До самого конца тридцать четвертого Лахновский аккуратно переводил Валентику или вручал при встречах половину сумм, получаемых «от Рудольфа». Тот принимал деньги молча, как зарплату, и никогда не благодарил. За эти годы Лахновский, кроме самостоятельного изучения немецкого языка, ничем не занимался, от безделья несколько обрюзг, стал все чаще попивать водочку. Еще в начале тридцатого стал жить с молоденькой смазливой девушкой Леокадией Шиповой, появившейся вместе с Валентиком в очередной его приезд. Валентик уехал, а Лика эта осталась, в первую же ночь пришла к Лахновскому, бесцеремонно залезла к нему под одеяло. Была эта девица, несмотря на свою молодость, до того испорченна, что Лахновский даже в темноте краснел, а утром ощущал брезгливость к своему телу, бежал первым делом на речку и долго купался.

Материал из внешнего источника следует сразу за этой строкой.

(* Let $\varphi\colon\mathcal{M}\to\mathcal{X}$ be a smooth lift and let $y\in\mathcal{M}$. Then $\varphi$ satisfies the "local $\Rightarrow$ local" property at $y$ if and only if $\varphi$ is open at $y$. Moreover, if $\varphi$ does not satisfy "local $\Rightarrow$ local" at $y$, then there is a smooth cost $f$ such that $y$ is a local minimum of $g=f\circ\varphi$ on $\mathcal{M}$ but $\varphi(y)$ is not a local minimum of $f$ on $\mathcal{X}$.
   Context: Let $\mathcal{E}$ be a finite-dimensional real inner product space and $\mathcal{M}$ a smooth manifold. A smooth lift of a set $\mathcal{X}\subseteq\mathcal{E}$ is a smooth map $\varphi\colon\mathcal{M}\to\mathcal{E}$ with $\varphi(\mathcal{M})=\mathcal{X}$. $\mathcal{X}$ carries the subspace topology from $\mathcal{E}$. For a cost $f$ on $\mathcal{X}$ put $g=f\circ\varphi$; local minima of $f$ on $\mathcal{X}$ (resp. of $g$ on $\mathcal{M}$) are points minimizing the function over some neighborhood in $\mathcal{X}$ (resp. $\mathcal{M}$). The lift satisfies "local $\Rightarrow$ local" at $y$ if for every continuous $f\colon\mathcal{X}\to\mathbb{R}$, whenever $y$ is a local minimum of $g$ on $\mathcal{M}$, $\varphi(y)$ is a local minimum of $f$ on $\mathcal{X}$. The map $\varphi$ is open at $y$ if it maps every neighborhood of $y$ in $\mathcal{M}$ to a neighborhood of $\varphi(y)$ in $\mathcal{X}$ (a neighborhood of a point is a set containing it in its interior). *)

theory Defs
  imports "HOL-Analysis.Analysis"
begin

primrec iter_deriv :: "'a::real_normed_vector list \<Rightarrow> ('a \<Rightarrow> 'b::real_normed_vector) \<Rightarrow> 'a \<Rightarrow> 'b" where
  "iter_deriv [] f = f"
| "iter_deriv (v # vs) f = (\<lambda>x. frechet_derivative (iter_deriv vs f) (at x) v)"

definition smooth_on :: "'a::euclidean_space set \<Rightarrow> ('a \<Rightarrow> 'b::real_normed_vector) \<Rightarrow> bool" where
  "smooth_on S f \<longleftrightarrow> open S \<and>
     (\<forall>vs. set vs \<subseteq> Basis \<longrightarrow> iter_deriv vs f differentiable_on S)"

definition smooth_atlas :: "('m::topological_space set \<times> ('m \<Rightarrow> 'a::euclidean_space)) set \<Rightarrow> bool" where
  "smooth_atlas A \<longleftrightarrow>
     (\<forall>(U, \<psi>)\<in>A. open U \<and> open (\<psi> ` U) \<and> inj_on \<psi> U \<and> continuous_on U \<psi>
                   \<and> continuous_on (\<psi> ` U) (inv_into U \<psi>)) \<and>
     (\<Union>(fst ` A) = UNIV) \<and>
     (\<forall>(U, \<psi>)\<in>A. \<forall>(V, \<theta>)\<in>A. smooth_on (\<psi> ` (U \<inter> V)) (\<theta> \<circ> inv_into U \<psi>))"

definition smooth_map :: "('m::topological_space set \<times> ('m \<Rightarrow> 'a::euclidean_space)) set \<Rightarrow> ('m \<Rightarrow> 'e::euclidean_space) \<Rightarrow> bool" where
  "smooth_map A \<phi> \<longleftrightarrow> (\<forall>(U, \<psi>)\<in>A. smooth_on (\<psi> ` U) (\<phi> \<circ> inv_into U \<psi>))"

definition local_min_M :: "('m::topological_space \<Rightarrow> real) \<Rightarrow> 'm \<Rightarrow> bool" where
  "local_min_M g y \<longleftrightarrow> (\<exists>U. open U \<and> y \<in> U \<and> (\<forall>z\<in>U. g y \<le> g z))"

definition local_min_on :: "'e::topological_space set \<Rightarrow> ('e \<Rightarrow> real) \<Rightarrow> 'e \<Rightarrow> bool" where
  "local_min_on X f x \<longleftrightarrow> x \<in> X \<and> (\<exists>V. open V \<and> x \<in> V \<and> (\<forall>z\<in>X \<inter> V. f x \<le> f z))"

definition local_to_local :: "('m::topological_space \<Rightarrow> 'e::topological_space) \<Rightarrow> 'm \<Rightarrow> bool" where
  "local_to_local \<phi> y \<longleftrightarrow>
     (\<forall>f :: 'e \<Rightarrow> real. continuous_on (range \<phi>) f \<longrightarrow>
        local_min_M (f \<circ> \<phi>) y \<longrightarrow> local_min_on (range \<phi>) f (\<phi> y))"

definition open_at :: "('m::topological_space \<Rightarrow> 'e::topological_space) \<Rightarrow> 'm \<Rightarrow> bool" where
  "open_at \<phi> y \<longleftrightarrow>
     (\<forall>N. (\<exists>U. open U \<and> y \<in> U \<and> U \<subseteq> N) \<longrightarrow>
          (\<exists>V. open V \<and> \<phi> y \<in> V \<and> V \<inter> range \<phi> \<subseteq> \<phi> ` N))"

end

theory Submission
  imports Defs
begin

(* If phi is open at y, a neighbourhood of y on which f o phi is minimal at y is mapped onto a
   neighbourhood of phi y in X on which f is minimal at phi y.
   Conversely, if phi is not open at y, there is an open neighbourhood U of y such that phi y is a
   limit of points x k of X outside phi U. Charts make the manifold locally compact, so U contains
   a compact neighbourhood K of y, and phi K is compact and misses every x k. A smooth f that
   vanishes on phi K and is negative at every x k has a local minimum at y along phi, but not at
   phi y on X. It is built as a series of nonpositive bumps -exp (-1 / (r^2 - |z - x k|^2))
   supported in balls around the x k that miss phi K, with weights so small that all derivatives
   of order at most k of the k-th term are bounded by 2^-k; then every derivative series
   converges uniformly. *)

lemma has_derivative_basis_expansion:
  fixes f :: "'a::euclidean_space \<Rightarrow> real"
  assumes "f differentiable (at x)"
  shows "(f has_derivative (\<lambda>h. \<Sum>i\<in>Basis. (h \<bullet> i) * frechet_derivative f (at x) i)) (at x)"
proof -
  let ?D = "frechet_derivative f (at x)"
  have D: "(f has_derivative ?D) (at x)"
    using assms by (simp add: frechet_derivative_works)
  have "?D h = (\<Sum>i\<in>Basis. (h \<bullet> i) * ?D i)" for h
  proof -
    have "?D h = ?D (\<Sum>i\<in>Basis. (h \<bullet> i) *\<^sub>R i)" by (simp add: euclidean_representation)
    also have "\<dots> = (\<Sum>i\<in>Basis. (h \<bullet> i) * ?D i)"
      using has_derivative_linear[OF D] by (simp add: linear_sum linear_scale)
    finally show ?thesis .
  qed
  with D show ?thesis by (metis (no_types, lifting) ext)
qed

lemma abs_sum_Basis_inner_mult_le:
  fixes d :: "'a::euclidean_space \<Rightarrow> real" and B :: real
  assumes "\<forall>i\<in>Basis. \<bar>d i\<bar> \<le> B"
  shows "\<bar>\<Sum>i\<in>Basis. (h \<bullet> i) * d i\<bar> \<le> DIM('a) * B * norm h"
proof -
  have "\<bar>(h \<bullet> i) * d i\<bar> \<le> norm h * B" if "i \<in> Basis" for i
    using assms that Basis_le_norm[OF that, of h] by (simp add: abs_mult mult_mono')
  then have "\<bar>\<Sum>i\<in>Basis. (h \<bullet> i) * d i\<bar> \<le> (\<Sum>i\<in>(Basis::'a set). norm h * B)"
    by (intro order_trans[OF sum_abs] sum_mono) auto
  then show ?thesis by (simp add: mult_ac)
qed

lemma iter_deriv_eq_0_on_open:
  assumes "open S" "\<forall>z\<in>S. f z = 0" "x \<in> S"
  shows "iter_deriv vs f x = 0"
  using assms(3)
proof (induction vs arbitrary: x)
  case Nil then show ?case using assms(2) by simp
next
  case (Cons v vs)
  have "(iter_deriv vs f has_derivative (\<lambda>h. 0)) (at x)"
    by (rule has_derivative_transform_within_open[OF has_derivative_const assms(1) Cons.prems])
       (use Cons.IH in auto)
  then show ?case by (simp add: frechet_derivative_at[symmetric])
qed

lemma smooth_on_imp_continuous_on: "smooth_on S f \<Longrightarrow> continuous_on S f"
proof -
  assume "smooth_on S f"
  then have "iter_deriv [] f differentiable_on S" unfolding smooth_on_def by (metis empty_subsetI set_empty)
  then show ?thesis by (simp add: differentiable_imp_continuous_on)
qed

lemma summable_and_tail_le_half_pow:
  fixes c :: "nat \<Rightarrow> real"
  assumes bound: "\<forall>k\<ge>N. \<bar>c k\<bar> \<le> (1/2)^k" and "N \<le> n"
  shows "summable c" "\<bar>(\<Sum>k. c k) - (\<Sum>k<n. c k)\<bar> \<le> 2 * (1/2)^n"
proof -
  have geom: "summable (\<lambda>k. (1/2::real)^k)" by (rule summable_geometric) simp
  show c: "summable c" by (rule summable_comparison_test'[OF geom, of N]) (use bound in auto)
  have shifted: "\<bar>c (k + n)\<bar> \<le> (1/2)^n * (1/2)^k" for k
    using bound \<open>N \<le> n\<close> by (metis add.commute le_add2 order_trans power_add)
  have geom_n: "summable (\<lambda>k. (1/2::real)^n * (1/2)^k)" using geom by (rule summable_mult)
  have abs_summable: "summable (\<lambda>k. norm (c (k + n)))"
    by (rule summable_comparison_test'[OF geom_n, of 0]) (use shifted in auto)
  have "(\<Sum>k. c k) - (\<Sum>k<n. c k) = (\<Sum>k. c (k + n))"
    using suminf_minus_initial_segment[OF c] by simp
  also have "\<bar>\<dots>\<bar> \<le> (\<Sum>k. norm (c (k + n)))" using summable_norm[OF abs_summable] by simp
  also have "\<dots> \<le> (\<Sum>k. (1/2::real)^n * (1/2)^k)"
    by (rule suminf_le) (use shifted abs_summable geom_n in auto)
  also have "\<dots> = 2 * (1/2)^n"
    using suminf_mult[OF geom, of "(1/2)^n"] suminf_geometric[of "1/2::real"] by simp
  finally show "\<bar>(\<Sum>k. c k) - (\<Sum>k<n. c k)\<bar> \<le> 2 * (1/2)^n" .
qed

section \<open>Flat functions and an algebra of smooth functions\<close>

(* The classical flat function exp (-1/t), divided by t^n; with the extra index the family is
   closed under differentiation. *)
definition psi :: "nat \<Rightarrow> real \<Rightarrow> real" where
  "psi n t = (if t > 0 then exp (- 1 / t) * inverse t ^ n else 0)"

Отношения с Ликой заставили вспомнить Полину Свиридову. Он написал ей с просьбой ответить ему до востребования, сообщить все новости. Она ответила и, рассказывая подробнейшим образом о том, кто работает теперь в Новосибирском обкоме партии и облисполкоме, упомянула фамилию Полипова. Боже мой, жив курилка! Лахновский и в самом деле так обрадовался, будто получил известие о своем искреннем и добром друге. Но как же он и что он?!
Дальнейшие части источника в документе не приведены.